In the entries below, find the line with "a' b' = Some" and print exactly every line from there up to and including the line with "using padd_mono_left[OF assms(1,3)]", with no other lines.

━━━━

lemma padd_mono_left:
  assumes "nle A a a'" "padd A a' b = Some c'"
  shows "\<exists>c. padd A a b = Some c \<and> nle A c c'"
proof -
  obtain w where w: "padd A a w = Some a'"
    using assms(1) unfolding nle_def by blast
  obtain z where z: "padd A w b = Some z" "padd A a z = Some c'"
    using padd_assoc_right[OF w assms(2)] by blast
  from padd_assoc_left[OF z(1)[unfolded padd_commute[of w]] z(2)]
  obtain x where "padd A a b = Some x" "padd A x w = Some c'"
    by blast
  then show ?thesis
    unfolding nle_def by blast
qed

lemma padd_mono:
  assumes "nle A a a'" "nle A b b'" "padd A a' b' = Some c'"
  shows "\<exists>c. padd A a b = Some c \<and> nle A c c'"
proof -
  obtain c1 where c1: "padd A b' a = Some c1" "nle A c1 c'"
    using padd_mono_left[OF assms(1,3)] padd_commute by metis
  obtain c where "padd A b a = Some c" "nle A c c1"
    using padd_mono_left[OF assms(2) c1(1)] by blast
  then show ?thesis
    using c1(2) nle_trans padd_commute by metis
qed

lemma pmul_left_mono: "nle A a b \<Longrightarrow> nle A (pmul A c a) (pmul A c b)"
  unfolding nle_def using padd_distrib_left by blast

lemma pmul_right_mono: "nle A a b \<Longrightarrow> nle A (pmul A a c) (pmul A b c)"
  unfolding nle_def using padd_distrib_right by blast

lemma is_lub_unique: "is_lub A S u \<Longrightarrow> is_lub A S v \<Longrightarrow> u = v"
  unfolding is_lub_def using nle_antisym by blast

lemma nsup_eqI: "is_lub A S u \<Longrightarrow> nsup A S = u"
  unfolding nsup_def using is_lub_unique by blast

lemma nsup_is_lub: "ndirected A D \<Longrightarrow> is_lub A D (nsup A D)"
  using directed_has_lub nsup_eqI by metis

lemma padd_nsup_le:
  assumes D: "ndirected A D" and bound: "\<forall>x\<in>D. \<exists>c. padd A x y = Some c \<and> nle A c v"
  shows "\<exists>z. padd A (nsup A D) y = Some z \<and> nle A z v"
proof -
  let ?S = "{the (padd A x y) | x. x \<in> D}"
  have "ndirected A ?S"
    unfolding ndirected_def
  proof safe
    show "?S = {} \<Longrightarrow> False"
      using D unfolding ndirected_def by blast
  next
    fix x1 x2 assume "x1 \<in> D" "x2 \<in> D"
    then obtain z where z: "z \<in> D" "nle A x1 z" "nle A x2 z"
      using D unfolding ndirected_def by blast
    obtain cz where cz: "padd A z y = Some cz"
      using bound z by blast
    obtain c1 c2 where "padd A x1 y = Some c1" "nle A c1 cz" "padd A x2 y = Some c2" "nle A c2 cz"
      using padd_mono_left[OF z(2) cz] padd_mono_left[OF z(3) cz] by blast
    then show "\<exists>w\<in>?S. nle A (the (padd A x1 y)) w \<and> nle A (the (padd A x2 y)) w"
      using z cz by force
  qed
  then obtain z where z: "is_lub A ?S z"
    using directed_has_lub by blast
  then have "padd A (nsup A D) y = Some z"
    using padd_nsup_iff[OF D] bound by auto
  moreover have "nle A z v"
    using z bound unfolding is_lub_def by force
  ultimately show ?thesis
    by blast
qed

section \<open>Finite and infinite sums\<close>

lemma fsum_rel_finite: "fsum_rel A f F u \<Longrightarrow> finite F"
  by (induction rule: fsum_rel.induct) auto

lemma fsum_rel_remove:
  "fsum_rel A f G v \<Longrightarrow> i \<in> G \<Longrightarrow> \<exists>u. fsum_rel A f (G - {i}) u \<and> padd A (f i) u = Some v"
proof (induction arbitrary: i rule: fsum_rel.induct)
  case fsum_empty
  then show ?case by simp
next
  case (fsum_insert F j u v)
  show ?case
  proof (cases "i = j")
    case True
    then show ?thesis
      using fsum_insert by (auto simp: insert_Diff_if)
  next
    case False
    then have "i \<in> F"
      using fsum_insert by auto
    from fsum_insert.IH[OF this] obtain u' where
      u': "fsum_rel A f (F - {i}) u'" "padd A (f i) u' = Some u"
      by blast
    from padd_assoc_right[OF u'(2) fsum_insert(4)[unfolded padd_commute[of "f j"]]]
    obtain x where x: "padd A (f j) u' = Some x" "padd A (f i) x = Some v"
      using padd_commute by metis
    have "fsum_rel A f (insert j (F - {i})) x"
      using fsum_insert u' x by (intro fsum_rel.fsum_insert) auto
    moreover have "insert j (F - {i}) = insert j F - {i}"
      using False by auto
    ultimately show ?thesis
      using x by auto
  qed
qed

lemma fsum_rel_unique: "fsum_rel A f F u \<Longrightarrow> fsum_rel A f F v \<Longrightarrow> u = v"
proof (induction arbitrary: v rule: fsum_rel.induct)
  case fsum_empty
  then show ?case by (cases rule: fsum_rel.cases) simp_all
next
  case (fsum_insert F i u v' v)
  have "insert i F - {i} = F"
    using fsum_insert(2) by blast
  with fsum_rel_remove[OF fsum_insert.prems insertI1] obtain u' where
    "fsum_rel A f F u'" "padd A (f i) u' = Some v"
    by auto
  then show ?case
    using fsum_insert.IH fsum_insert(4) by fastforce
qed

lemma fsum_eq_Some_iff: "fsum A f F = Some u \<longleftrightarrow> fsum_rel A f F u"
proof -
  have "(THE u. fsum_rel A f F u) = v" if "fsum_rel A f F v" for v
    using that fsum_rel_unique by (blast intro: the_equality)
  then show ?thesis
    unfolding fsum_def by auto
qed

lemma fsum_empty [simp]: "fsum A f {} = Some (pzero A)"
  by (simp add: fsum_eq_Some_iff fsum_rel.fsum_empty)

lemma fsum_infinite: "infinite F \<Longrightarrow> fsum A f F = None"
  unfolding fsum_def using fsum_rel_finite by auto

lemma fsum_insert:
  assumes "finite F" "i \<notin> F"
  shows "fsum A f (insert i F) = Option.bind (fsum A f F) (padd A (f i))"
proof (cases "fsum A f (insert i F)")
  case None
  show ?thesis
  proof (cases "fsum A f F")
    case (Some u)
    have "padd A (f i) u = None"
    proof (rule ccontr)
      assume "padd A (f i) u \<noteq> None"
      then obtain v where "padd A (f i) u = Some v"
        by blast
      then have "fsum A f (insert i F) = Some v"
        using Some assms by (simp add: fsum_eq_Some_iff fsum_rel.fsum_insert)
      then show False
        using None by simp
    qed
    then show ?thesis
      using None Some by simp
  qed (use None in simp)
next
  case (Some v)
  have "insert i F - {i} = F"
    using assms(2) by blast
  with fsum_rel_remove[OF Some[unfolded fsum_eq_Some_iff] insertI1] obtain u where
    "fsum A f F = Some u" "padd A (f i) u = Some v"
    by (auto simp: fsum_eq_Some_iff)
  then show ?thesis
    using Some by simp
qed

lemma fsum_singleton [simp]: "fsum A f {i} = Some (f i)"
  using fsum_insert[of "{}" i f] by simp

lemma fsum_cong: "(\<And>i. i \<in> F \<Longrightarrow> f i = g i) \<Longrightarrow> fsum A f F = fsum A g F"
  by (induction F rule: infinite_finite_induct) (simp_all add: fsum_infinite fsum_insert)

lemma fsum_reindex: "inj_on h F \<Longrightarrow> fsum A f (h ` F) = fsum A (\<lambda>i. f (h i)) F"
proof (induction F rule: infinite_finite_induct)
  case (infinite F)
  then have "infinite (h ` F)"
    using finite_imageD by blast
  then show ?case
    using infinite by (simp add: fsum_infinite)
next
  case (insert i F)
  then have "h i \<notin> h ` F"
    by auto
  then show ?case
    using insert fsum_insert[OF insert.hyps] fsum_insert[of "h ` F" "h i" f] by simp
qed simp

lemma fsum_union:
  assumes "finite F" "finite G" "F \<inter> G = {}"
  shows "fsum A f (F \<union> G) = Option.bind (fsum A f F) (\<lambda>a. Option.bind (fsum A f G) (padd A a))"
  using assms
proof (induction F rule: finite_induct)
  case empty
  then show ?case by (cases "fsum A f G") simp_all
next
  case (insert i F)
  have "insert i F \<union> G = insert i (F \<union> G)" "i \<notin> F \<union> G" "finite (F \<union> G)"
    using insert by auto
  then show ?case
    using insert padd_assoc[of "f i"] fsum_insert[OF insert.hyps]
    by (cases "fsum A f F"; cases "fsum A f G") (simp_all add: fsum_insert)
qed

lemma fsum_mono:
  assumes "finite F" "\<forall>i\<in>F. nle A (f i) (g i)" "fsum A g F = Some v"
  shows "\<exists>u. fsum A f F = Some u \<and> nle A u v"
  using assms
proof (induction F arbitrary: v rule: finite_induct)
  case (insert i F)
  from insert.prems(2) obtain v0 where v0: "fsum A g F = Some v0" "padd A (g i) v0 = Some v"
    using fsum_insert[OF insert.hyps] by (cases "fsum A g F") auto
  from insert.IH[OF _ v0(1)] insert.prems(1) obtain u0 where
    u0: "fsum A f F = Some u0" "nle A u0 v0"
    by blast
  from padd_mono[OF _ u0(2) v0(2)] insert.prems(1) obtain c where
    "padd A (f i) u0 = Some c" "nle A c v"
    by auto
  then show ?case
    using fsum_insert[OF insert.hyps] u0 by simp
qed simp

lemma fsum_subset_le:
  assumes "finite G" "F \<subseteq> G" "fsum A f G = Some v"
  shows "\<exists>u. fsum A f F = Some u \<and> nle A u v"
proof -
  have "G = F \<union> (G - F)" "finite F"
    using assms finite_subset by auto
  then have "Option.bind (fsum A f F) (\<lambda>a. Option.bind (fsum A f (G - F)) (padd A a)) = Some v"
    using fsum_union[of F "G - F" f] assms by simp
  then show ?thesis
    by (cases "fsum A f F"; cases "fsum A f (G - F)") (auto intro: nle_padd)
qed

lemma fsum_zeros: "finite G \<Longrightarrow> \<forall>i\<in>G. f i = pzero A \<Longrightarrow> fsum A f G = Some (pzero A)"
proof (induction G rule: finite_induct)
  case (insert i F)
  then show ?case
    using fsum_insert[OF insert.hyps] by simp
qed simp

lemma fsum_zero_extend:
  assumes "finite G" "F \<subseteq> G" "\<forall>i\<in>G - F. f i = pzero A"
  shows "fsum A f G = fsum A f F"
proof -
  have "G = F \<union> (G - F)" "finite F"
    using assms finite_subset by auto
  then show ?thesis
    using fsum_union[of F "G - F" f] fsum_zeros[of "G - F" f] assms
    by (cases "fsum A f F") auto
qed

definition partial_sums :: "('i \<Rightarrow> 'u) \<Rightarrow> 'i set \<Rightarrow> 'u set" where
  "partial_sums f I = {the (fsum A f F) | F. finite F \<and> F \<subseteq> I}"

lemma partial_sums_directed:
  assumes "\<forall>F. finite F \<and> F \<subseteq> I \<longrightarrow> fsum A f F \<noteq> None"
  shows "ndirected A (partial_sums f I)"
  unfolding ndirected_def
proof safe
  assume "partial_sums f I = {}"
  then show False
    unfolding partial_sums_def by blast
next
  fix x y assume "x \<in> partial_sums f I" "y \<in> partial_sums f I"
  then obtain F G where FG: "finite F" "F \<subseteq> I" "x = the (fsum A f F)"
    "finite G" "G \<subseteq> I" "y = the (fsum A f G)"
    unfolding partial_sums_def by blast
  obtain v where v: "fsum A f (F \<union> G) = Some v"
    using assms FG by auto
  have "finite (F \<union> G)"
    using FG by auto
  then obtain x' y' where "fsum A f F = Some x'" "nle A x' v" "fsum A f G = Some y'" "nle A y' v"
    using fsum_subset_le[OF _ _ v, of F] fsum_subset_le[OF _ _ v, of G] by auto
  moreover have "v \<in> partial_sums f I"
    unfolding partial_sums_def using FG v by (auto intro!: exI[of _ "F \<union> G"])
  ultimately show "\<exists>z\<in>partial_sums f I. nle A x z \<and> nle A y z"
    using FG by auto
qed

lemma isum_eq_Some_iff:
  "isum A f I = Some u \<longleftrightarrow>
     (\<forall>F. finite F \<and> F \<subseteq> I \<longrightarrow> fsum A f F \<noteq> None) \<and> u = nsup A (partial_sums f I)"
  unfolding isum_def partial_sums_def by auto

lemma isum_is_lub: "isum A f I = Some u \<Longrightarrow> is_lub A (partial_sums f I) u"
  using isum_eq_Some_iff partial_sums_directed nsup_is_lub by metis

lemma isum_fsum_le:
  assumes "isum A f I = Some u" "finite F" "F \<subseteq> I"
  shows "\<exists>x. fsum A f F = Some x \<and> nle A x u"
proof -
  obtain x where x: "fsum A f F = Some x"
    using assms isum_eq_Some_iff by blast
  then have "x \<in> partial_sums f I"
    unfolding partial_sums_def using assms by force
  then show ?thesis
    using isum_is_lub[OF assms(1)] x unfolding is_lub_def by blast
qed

━━━━

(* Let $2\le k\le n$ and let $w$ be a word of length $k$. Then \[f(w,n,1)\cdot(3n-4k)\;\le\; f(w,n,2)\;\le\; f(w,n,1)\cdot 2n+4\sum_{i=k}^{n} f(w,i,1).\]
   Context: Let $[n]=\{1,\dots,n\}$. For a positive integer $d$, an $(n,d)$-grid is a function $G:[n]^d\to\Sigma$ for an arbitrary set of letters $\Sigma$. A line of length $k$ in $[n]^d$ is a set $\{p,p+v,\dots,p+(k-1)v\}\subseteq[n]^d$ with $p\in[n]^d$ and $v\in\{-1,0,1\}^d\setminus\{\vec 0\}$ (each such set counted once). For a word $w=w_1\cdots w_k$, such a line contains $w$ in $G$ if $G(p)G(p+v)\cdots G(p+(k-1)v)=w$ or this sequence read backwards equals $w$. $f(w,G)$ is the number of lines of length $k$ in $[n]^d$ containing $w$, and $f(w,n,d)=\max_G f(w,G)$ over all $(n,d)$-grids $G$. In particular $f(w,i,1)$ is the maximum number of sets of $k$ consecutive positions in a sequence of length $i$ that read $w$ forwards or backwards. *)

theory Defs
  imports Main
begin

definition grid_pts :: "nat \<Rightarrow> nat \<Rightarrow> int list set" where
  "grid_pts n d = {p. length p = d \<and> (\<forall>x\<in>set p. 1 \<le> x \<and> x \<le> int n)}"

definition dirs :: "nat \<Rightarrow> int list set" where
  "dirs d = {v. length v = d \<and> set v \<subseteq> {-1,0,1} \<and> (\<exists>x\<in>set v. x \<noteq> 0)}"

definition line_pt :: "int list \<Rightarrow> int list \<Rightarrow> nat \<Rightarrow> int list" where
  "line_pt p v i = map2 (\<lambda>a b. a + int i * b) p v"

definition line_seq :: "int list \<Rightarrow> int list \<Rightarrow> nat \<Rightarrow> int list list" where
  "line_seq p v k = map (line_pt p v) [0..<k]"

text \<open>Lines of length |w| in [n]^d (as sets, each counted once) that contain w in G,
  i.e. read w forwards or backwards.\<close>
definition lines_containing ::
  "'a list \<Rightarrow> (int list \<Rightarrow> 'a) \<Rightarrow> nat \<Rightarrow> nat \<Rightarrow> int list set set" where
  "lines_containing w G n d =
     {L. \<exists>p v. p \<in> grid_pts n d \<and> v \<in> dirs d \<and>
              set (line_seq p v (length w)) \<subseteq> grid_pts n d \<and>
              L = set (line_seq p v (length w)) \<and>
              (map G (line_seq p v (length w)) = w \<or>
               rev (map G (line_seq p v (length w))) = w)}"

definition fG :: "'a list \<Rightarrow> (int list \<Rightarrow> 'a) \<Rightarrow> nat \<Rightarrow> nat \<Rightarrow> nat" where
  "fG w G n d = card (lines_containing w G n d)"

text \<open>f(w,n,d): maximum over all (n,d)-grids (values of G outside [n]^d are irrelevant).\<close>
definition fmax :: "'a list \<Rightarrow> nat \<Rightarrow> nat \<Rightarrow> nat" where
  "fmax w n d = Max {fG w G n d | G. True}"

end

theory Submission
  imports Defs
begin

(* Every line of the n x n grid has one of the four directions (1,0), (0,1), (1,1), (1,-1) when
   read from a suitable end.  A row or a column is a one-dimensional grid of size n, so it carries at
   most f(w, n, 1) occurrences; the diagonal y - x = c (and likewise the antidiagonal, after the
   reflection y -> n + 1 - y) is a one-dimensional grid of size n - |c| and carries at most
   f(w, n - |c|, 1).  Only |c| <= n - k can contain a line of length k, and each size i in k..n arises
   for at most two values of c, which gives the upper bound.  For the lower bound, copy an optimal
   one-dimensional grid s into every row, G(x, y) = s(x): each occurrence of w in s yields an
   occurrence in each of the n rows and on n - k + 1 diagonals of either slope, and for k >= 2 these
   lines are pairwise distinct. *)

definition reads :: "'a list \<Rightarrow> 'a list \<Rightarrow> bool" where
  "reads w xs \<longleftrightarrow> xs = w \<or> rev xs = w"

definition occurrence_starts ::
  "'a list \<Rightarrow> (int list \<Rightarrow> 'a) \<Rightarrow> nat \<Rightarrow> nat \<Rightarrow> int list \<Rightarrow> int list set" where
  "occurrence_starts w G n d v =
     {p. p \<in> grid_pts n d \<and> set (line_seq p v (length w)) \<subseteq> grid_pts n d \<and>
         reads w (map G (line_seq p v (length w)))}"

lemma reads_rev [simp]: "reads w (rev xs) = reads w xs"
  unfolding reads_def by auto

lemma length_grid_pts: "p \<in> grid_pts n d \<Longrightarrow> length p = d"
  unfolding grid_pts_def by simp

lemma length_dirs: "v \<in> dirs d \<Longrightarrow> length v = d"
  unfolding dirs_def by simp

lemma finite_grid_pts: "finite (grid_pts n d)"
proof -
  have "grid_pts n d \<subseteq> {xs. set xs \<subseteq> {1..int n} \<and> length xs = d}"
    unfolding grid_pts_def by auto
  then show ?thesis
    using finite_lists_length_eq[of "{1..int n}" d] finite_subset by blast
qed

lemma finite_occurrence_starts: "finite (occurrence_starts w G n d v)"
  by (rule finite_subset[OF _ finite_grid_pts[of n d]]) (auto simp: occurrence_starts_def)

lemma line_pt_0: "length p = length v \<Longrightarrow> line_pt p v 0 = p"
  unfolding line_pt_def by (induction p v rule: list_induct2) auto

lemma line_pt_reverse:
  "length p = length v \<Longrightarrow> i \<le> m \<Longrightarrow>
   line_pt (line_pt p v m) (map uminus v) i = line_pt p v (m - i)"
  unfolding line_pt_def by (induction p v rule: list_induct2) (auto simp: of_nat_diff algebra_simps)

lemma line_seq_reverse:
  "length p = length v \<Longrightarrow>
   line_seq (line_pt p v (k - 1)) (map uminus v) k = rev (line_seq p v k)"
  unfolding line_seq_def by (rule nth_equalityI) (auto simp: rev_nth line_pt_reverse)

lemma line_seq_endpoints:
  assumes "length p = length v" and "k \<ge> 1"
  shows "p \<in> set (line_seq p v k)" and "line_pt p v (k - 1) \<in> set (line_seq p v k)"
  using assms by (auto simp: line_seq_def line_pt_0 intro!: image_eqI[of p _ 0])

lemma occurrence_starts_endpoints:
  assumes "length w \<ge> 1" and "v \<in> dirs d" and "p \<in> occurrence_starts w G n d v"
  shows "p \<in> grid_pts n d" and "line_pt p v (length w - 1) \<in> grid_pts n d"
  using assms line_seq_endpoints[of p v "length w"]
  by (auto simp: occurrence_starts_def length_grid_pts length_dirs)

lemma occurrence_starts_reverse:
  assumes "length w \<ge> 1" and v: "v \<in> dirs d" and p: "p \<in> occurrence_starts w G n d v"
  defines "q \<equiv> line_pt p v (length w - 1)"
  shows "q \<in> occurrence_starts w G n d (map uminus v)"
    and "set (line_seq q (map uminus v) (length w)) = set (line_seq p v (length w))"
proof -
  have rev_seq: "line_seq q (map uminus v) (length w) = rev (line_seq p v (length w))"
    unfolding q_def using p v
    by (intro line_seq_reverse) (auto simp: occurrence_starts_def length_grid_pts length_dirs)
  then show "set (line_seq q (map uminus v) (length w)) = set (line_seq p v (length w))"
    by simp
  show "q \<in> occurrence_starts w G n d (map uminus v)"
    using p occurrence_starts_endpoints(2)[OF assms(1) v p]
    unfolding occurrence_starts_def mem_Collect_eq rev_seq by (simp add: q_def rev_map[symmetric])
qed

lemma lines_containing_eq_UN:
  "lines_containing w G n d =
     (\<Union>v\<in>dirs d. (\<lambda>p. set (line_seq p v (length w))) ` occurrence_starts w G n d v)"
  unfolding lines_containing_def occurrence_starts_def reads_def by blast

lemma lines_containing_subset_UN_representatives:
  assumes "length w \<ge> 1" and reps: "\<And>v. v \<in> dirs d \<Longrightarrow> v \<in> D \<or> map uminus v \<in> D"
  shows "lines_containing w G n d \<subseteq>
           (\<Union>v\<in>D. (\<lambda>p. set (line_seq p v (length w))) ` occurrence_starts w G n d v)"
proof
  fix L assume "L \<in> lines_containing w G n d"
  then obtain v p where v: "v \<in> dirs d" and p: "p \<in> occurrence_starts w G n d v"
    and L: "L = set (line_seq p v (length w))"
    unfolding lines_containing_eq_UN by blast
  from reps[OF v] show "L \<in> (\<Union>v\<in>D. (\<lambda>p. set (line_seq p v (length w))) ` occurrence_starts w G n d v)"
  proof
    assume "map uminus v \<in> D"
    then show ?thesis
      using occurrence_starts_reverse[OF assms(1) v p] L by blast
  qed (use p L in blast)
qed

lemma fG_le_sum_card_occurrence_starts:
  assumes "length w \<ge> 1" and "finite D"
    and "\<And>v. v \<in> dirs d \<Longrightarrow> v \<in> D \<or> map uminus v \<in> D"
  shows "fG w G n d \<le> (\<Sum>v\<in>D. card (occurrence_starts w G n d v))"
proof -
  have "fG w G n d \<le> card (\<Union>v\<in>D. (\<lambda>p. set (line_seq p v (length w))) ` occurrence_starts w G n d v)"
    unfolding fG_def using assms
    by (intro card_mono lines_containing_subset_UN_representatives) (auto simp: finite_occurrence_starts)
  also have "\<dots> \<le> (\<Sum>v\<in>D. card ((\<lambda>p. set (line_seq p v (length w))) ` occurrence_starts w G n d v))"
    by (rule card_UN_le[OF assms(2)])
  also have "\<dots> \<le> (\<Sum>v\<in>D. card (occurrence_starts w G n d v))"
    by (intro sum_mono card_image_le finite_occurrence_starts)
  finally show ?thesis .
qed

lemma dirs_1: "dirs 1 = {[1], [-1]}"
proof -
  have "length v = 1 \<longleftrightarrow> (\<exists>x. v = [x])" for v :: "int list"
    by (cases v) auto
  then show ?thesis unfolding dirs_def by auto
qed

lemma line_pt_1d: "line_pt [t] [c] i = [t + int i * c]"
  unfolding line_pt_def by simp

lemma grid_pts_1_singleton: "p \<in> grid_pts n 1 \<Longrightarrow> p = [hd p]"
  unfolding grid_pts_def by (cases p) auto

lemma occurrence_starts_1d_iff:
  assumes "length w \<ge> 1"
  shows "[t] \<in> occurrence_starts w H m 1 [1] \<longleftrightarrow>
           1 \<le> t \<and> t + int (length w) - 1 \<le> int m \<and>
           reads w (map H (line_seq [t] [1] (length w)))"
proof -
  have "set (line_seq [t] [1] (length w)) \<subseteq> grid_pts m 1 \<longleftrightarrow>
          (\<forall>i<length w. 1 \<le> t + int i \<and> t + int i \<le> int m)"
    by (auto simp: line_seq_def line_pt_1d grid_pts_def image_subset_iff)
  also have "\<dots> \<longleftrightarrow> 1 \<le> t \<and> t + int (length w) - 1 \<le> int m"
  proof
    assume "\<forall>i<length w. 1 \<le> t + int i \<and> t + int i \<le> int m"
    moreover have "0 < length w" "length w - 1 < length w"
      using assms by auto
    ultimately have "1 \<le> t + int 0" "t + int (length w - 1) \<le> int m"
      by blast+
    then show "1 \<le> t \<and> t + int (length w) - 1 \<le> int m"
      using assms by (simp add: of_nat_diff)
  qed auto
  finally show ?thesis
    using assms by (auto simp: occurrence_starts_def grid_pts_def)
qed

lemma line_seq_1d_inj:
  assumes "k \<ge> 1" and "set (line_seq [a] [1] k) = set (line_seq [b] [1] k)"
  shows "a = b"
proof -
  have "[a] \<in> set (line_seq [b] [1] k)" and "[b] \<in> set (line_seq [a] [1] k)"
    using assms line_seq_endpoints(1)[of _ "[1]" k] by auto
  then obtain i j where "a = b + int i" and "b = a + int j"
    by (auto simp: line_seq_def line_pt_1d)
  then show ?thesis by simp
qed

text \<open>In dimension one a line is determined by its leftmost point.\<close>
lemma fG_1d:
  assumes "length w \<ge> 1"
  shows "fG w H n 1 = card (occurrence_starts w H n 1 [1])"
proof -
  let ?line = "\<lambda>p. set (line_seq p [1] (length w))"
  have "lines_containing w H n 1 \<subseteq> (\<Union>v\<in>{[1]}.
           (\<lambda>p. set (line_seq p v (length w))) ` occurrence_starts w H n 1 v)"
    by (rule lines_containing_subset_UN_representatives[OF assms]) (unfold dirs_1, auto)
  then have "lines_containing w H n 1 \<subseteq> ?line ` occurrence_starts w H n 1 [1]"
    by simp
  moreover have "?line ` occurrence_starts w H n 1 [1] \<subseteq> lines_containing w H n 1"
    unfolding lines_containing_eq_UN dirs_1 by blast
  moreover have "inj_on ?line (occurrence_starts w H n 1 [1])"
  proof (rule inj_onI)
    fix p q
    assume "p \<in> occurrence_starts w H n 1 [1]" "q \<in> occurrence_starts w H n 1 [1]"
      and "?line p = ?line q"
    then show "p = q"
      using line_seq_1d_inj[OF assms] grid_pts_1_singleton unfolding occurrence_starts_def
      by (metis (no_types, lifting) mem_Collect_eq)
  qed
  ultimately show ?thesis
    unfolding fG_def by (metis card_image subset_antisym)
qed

━━━━

◆ **RESULT FOR THIS EXERCISE**
  assumes "nle A a a'" "nle A b b'" "padd A a' b' = Some c'"
  shows "\<exists>c. padd A a b = Some c \<and> nle A c c'"
proof -
  obtain c1 where c1: "padd A b' a = Some c1" "nle A c1 c'"
    using padd_mono_left[OF assms(1,3)] padd_commute by metis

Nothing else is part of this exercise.